/CollinsSequenceTagger

HMM with Averaged Perceptron and Viterbi Decoding for Sequence Labeling

Primary LanguageJava

Sequence tagger -- Discriminative Training for Hidden Markov Models with Averaged Perceptron

This repository is an implementation of the discriminative training framework for sequence labeling introduced by Collins (2002):

  • Michael Collins. 2002. Discriminative training methods for Hidden Markov Models: theory and experiments with Perceptron algorithms. In EMNLP, pages 1–8.

This framework is an extension of the HMM sequence tagger to a log-linear model for combination of weighted features, perceptron training with weight averaging, and the Viterbi algorithm for decoding. It can be used for any sequence labeling task including part-of-speech tagging, named entity recognition, chunking, and shallow parsing. As reported for part-of-speech tagging, this tagger achieves state-of-the-art perfomance of 97.1% accuracy.

The inputs (train, dev, test) should be in a two-column tab separated format such as the following example. Test file can either be in a two-column format or a single column of just word sequences.

Ms.     NNP
Haag    NNP
plays   VBZ
Elianti NNP
.       .

Rolls-Royce     NNP
Motor   NNP
Cars    NNPS
Inc.    NNP
said    VBD
...

The training terminates and the model is written into the disk if there is no more improvement on the dev set after 5 consecutive iterations.

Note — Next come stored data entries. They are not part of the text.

(* Let $0 \le r \le n/2$ be an integer and let $A$ be the adjacency matrix of the subgraph of the Hamming cube $\{0,1\}^n$ induced by the Hamming ball $B(n,r) = \{x : |x| \le r\}$. Then the maximal eigenvalue of $A$ is $\lambda = n - 2x$, where $x$ is the smallest root of the Krawtchouk polynomial $K^{(n)}_{r+1}$. Its multiplicity is $1$, and the corresponding eigenfunction is a positive spherical function on $B(n,r)$ (i.e. its value at a point $y$ depends only on $|y|$).
   Context: The Hamming cube $\{0,1\}^n$ is the graph where two vectors are adjacent iff they differ in exactly one coordinate; $|x|$ is the number of nonzero coordinates of $x$. The Krawtchouk polynomial is $K^{(n)}_k(x)=\sum_{\ell=0}^k(-1)^\ell\binom{x}{\ell}\binom{n-x}{k-\ell}$; its roots are real, distinct and lie in $(0,n)$. *)

theory Defs
  imports Complex_Main
begin

text \<open>Points of the Hamming cube {0,1}^n are represented by their supports:
  x corresponds to the set {i < n. x_i = 1}, so |x| = card of the set.\<close>

definition hamming_cube :: "nat \<Rightarrow> nat set set" where
  "hamming_cube n = Pow {..<n}"

definition hamming_ball :: "nat \<Rightarrow> nat \<Rightarrow> nat set set" where
  "hamming_ball n r = {x \<in> hamming_cube n. card x \<le> r}"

The output is in the same format as the input.

Compile

javac PerceptronTagger.java

Run

java PerceptronTagger -train example/train.txt -dev example/dev.txt -mdlpath model/

java PerceptronTagger -mode test -in example/test.txt -outname output.txt -mdlpath model/

Publications

If you use this tagger, please cite the following paper:

  • Mahsa Yarmohammadi. 2014. Discriminative training with Perceptron algorithm for POS tagging task. Technical Report CSLU-2014-001, Center for Spoken Language Understanding, Oregon Health & Science University.

Some work that have used this tagger:

  • Kyle Gorman, and Steven Bedrick. 2019. We need to talk about standard splits. In ACL, pages. 2786-2791.
  • Mahsa Yarmohammadi. 2016. Incremental Segmentation and Annotation Strategies for Real-time Natural Language Processing Applications. PhD dissertation, Oregon Health & Science University.
  • Masoud Rouhizadeh, Emily Prud’Hommeaux, Jan Van Santen, and Richard Sproat. 2015. Measuring idiosyncratic interests in children with autism. In ACL.